Within the entries below, find the portion that opens with the line containing "define \<alpha> where" and closes with the line containing "by (simp only: scaleR_add_right scaleR_scaleR add.assoc)". Retype that portion exactly and only.

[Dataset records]
══════
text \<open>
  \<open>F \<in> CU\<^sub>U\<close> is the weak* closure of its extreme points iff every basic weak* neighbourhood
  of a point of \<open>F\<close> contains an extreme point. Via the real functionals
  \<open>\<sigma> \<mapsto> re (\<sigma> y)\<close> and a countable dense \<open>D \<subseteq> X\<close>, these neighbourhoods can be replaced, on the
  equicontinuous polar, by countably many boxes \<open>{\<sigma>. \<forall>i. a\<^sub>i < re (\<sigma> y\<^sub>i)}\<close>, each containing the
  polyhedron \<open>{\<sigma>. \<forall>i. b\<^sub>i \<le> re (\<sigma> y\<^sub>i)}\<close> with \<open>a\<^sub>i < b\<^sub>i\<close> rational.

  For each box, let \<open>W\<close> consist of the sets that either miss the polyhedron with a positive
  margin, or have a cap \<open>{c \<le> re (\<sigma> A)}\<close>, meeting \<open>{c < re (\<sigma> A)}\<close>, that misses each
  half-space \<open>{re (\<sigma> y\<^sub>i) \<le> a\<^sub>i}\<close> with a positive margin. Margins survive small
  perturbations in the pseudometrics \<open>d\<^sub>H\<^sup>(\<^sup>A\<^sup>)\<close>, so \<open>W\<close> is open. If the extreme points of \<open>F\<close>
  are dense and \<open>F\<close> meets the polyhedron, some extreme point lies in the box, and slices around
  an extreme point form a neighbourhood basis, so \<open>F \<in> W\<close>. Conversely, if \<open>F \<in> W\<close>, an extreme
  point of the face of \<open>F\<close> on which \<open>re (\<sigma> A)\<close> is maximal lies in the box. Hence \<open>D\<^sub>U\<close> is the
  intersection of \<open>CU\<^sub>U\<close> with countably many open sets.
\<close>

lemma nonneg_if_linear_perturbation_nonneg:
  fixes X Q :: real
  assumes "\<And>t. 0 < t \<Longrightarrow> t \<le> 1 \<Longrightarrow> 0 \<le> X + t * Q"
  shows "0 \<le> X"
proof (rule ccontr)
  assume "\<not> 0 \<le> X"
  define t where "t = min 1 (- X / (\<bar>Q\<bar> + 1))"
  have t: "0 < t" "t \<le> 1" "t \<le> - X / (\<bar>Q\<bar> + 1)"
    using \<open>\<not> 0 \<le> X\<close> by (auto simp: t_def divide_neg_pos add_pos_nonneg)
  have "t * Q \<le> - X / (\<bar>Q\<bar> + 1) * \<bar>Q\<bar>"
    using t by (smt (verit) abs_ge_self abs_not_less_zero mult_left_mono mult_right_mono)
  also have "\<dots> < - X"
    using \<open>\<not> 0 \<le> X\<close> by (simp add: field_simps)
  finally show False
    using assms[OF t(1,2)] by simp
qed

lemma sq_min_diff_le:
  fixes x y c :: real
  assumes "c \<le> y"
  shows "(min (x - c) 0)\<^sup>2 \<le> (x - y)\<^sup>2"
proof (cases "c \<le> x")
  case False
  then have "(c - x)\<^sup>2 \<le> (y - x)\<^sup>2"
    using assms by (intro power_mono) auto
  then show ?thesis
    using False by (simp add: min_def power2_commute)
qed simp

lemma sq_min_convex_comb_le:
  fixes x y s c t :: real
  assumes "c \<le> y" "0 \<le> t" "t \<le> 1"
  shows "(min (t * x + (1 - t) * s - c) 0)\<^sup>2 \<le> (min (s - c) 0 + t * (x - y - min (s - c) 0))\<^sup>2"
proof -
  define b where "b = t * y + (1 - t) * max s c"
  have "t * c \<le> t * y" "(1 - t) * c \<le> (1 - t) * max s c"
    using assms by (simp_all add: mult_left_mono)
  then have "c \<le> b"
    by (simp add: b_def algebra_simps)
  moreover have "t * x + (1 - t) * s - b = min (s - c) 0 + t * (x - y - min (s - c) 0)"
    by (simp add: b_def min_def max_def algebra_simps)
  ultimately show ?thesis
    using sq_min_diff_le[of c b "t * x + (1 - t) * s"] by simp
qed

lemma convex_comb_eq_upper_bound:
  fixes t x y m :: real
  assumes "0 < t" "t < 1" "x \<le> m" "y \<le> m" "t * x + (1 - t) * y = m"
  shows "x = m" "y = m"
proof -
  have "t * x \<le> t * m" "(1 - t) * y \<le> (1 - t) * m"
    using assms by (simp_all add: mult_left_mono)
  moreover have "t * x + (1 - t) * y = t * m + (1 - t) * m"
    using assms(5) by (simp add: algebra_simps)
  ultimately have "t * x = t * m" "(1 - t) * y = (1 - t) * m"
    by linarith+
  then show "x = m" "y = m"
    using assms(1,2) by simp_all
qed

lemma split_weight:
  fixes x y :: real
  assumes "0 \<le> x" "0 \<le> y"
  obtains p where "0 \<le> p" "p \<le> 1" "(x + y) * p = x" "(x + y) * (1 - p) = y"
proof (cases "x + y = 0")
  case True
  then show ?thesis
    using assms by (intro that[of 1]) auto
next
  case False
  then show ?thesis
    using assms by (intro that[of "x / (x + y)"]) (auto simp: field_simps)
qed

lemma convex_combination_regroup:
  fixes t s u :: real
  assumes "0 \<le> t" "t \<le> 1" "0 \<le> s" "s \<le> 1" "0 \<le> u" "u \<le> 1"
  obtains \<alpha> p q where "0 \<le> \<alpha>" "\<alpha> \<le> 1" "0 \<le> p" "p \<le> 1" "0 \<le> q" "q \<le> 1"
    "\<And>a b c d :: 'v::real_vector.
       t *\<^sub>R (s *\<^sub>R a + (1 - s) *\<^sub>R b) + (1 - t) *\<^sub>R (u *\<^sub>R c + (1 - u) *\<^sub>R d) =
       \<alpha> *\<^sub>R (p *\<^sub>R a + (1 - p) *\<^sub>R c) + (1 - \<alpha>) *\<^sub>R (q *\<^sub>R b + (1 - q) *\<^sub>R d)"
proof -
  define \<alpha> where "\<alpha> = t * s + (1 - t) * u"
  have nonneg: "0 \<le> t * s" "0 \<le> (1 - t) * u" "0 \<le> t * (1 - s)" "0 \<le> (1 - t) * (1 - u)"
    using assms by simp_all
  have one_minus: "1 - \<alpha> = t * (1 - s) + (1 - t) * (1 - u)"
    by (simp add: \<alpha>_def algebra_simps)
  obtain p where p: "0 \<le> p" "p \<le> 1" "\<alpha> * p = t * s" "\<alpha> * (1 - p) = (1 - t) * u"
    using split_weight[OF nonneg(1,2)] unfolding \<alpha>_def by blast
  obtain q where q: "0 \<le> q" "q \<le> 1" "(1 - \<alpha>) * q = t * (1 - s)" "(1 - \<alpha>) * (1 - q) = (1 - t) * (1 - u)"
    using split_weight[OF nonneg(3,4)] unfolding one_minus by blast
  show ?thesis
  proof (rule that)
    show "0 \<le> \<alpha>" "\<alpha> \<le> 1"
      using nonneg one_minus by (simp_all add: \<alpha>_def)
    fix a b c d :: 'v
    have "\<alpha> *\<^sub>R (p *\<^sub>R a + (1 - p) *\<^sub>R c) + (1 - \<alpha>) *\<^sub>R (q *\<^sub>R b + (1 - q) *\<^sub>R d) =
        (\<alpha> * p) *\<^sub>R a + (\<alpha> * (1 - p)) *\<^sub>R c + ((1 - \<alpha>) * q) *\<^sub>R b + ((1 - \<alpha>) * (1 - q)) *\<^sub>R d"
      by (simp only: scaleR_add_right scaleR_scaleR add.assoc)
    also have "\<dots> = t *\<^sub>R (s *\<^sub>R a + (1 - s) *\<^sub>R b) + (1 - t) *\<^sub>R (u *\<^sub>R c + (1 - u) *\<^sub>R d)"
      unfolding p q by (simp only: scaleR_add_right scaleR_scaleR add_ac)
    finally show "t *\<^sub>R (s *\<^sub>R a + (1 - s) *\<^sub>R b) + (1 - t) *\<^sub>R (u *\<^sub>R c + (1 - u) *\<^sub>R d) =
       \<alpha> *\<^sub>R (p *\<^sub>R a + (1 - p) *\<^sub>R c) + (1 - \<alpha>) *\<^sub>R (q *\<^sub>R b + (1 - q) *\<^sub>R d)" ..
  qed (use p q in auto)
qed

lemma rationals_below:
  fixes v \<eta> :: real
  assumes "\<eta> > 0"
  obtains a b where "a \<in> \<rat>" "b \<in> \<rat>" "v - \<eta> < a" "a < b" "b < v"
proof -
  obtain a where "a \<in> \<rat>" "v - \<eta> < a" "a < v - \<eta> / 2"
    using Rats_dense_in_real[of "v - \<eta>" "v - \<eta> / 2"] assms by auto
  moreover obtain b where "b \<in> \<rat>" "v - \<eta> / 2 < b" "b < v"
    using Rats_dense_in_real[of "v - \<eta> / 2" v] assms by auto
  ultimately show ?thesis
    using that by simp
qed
══════
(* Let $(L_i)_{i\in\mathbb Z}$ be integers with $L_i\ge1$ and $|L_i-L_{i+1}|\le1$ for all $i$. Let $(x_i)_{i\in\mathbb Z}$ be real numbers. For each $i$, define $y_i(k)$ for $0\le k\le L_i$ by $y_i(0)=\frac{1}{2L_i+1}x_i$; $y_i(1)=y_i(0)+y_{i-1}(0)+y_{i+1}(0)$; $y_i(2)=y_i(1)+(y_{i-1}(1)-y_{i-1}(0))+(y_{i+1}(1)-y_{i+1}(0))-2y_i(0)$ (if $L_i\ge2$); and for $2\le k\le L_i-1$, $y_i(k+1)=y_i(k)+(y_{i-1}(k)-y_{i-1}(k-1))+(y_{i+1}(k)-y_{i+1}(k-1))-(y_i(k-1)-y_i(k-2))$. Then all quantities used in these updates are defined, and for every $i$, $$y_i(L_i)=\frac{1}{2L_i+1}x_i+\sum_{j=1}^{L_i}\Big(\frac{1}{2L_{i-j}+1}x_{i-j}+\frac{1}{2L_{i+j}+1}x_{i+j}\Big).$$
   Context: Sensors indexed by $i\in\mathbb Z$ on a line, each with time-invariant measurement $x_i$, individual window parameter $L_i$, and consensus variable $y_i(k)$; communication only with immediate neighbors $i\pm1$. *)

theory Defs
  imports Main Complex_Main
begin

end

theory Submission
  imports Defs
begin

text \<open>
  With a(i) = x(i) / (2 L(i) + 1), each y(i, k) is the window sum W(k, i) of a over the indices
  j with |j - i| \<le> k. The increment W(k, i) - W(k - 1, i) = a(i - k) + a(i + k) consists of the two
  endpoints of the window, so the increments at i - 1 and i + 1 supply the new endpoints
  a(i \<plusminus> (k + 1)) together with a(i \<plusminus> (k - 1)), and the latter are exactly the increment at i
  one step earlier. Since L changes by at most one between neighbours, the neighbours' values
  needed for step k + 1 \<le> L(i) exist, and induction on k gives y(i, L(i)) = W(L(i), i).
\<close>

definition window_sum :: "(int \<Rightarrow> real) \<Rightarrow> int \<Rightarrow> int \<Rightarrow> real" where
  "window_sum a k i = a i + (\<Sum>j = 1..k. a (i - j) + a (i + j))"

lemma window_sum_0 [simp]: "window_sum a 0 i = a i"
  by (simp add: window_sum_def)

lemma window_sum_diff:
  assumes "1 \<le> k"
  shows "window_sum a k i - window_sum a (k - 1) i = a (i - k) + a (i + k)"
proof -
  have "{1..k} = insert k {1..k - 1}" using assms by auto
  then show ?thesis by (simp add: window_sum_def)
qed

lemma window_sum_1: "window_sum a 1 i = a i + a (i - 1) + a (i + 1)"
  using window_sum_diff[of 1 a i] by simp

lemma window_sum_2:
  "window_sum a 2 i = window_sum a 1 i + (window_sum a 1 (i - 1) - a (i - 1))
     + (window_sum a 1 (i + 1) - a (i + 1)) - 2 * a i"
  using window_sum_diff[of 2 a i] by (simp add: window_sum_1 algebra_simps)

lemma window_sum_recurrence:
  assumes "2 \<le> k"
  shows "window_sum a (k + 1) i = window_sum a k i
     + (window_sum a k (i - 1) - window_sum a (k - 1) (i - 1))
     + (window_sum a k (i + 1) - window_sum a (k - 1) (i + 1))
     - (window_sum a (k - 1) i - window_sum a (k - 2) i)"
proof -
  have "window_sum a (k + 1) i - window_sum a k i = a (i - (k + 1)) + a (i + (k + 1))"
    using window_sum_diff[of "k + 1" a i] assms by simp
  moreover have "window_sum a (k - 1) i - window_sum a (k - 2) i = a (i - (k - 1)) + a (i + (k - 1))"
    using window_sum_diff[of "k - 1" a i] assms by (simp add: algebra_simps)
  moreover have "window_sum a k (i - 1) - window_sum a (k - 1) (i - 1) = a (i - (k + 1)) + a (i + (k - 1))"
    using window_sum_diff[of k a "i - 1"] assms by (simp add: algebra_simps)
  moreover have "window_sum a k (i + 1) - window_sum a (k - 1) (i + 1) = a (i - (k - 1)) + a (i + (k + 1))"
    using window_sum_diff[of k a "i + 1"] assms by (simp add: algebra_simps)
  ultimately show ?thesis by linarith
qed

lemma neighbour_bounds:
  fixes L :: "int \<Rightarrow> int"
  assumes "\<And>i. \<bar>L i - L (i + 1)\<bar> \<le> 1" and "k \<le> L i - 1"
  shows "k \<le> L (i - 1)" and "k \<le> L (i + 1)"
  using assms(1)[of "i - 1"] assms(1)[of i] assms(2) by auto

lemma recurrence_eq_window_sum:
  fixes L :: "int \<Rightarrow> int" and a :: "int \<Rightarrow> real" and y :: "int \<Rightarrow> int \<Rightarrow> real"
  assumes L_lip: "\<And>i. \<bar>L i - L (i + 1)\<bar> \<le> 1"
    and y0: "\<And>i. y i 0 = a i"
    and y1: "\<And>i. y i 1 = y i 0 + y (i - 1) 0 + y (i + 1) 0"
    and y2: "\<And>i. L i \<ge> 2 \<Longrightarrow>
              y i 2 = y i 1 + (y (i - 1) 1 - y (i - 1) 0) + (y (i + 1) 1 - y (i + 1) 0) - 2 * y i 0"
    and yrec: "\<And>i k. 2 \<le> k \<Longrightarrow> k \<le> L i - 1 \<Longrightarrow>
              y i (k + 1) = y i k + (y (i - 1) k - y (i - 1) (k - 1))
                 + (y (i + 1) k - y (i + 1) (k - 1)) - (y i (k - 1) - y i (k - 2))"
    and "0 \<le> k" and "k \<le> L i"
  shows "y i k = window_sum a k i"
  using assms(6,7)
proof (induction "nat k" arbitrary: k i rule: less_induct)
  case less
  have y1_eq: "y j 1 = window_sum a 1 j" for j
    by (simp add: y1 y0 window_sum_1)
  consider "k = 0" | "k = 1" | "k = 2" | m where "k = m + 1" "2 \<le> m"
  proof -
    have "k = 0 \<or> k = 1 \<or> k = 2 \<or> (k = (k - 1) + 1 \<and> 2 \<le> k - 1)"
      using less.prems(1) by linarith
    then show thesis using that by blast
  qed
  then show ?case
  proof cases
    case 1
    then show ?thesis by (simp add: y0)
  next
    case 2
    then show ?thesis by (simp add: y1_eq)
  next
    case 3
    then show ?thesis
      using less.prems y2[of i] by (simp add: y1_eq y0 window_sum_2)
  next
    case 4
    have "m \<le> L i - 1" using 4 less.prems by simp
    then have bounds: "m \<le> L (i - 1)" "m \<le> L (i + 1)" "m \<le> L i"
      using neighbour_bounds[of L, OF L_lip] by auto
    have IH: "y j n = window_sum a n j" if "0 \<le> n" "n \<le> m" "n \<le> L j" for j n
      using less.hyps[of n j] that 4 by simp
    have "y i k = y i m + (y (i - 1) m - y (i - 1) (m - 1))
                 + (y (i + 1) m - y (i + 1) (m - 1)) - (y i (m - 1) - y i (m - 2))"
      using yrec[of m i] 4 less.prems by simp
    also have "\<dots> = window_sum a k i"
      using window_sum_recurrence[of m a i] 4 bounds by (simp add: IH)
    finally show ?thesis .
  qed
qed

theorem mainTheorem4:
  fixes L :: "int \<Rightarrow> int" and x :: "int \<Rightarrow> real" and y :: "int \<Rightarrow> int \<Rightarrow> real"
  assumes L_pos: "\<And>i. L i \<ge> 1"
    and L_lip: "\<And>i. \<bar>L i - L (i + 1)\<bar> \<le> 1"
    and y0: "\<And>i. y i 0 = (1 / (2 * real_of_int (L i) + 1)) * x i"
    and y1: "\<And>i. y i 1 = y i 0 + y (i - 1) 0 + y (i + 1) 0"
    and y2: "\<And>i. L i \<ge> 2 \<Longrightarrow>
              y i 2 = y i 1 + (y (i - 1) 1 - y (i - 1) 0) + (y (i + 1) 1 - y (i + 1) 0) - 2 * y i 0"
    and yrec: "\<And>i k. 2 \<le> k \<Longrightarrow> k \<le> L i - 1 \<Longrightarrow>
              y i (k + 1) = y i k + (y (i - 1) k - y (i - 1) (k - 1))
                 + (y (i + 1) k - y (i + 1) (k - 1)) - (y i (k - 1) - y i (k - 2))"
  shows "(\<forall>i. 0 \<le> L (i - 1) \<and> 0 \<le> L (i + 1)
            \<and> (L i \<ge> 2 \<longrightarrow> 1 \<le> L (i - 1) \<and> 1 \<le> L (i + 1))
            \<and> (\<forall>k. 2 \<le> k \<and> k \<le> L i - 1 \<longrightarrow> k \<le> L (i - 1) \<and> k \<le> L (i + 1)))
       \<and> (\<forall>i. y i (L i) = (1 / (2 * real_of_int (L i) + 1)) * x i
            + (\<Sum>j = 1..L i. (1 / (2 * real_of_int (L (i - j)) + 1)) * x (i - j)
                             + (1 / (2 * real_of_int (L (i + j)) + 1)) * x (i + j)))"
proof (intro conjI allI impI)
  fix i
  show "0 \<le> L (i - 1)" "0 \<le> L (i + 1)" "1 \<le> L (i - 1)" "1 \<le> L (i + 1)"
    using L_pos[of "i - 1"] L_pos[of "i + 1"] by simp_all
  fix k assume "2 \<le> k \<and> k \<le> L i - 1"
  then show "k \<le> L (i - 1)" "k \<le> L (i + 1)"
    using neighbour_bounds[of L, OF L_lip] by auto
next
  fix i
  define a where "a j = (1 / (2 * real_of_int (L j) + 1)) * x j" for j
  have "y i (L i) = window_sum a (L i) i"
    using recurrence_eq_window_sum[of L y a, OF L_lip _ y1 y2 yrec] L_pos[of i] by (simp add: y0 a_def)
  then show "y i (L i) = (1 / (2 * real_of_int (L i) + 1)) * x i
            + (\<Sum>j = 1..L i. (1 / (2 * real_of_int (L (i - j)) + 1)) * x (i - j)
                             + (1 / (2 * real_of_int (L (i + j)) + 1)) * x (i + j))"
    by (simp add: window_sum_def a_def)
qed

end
══════
▸ **Answer area**:
  define \<alpha> where "\<alpha> = t * s + (1 - t) * u"
  have nonneg: "0 \<le> t * s" "0 \<le> (1 - t) * u" "0 \<le> t * (1 - s)" "0 \<le> (1 - t) * (1 - u)"
    using assms by simp_all
  have one_minus: "1 - \<alpha> = t * (1 - s) + (1 - t) * (1 - u)"
    by (simp add: \<alpha>_def algebra_simps)
  obtain p where p: "0 \<le> p" "p \<le> 1" "\<alpha> * p = t * s" "\<alpha> * (1 - p) = (1 - t) * u"
    using split_weight[OF nonneg(1,2)] unfolding \<alpha>_def by blast
  obtain q where q: "0 \<le> q" "q \<le> 1" "(1 - \<alpha>) * q = t * (1 - s)" "(1 - \<alpha>) * (1 - q) = (1 - t) * (1 - u)"
    using split_weight[OF nonneg(3,4)] unfolding one_minus by blast
  show ?thesis
  proof (rule that)
    show "0 \<le> \<alpha>" "\<alpha> \<le> 1"
      using nonneg one_minus by (simp_all add: \<alpha>_def)
    fix a b c d :: 'v
    have "\<alpha> *\<^sub>R (p *\<^sub>R a + (1 - p) *\<^sub>R c) + (1 - \<alpha>) *\<^sub>R (q *\<^sub>R b + (1 - q) *\<^sub>R d) =
        (\<alpha> * p) *\<^sub>R a + (\<alpha> * (1 - p)) *\<^sub>R c + ((1 - \<alpha>) * q) *\<^sub>R b + ((1 - \<alpha>) * (1 - q)) *\<^sub>R d"
      by (simp only: scaleR_add_right scaleR_scaleR add.assoc)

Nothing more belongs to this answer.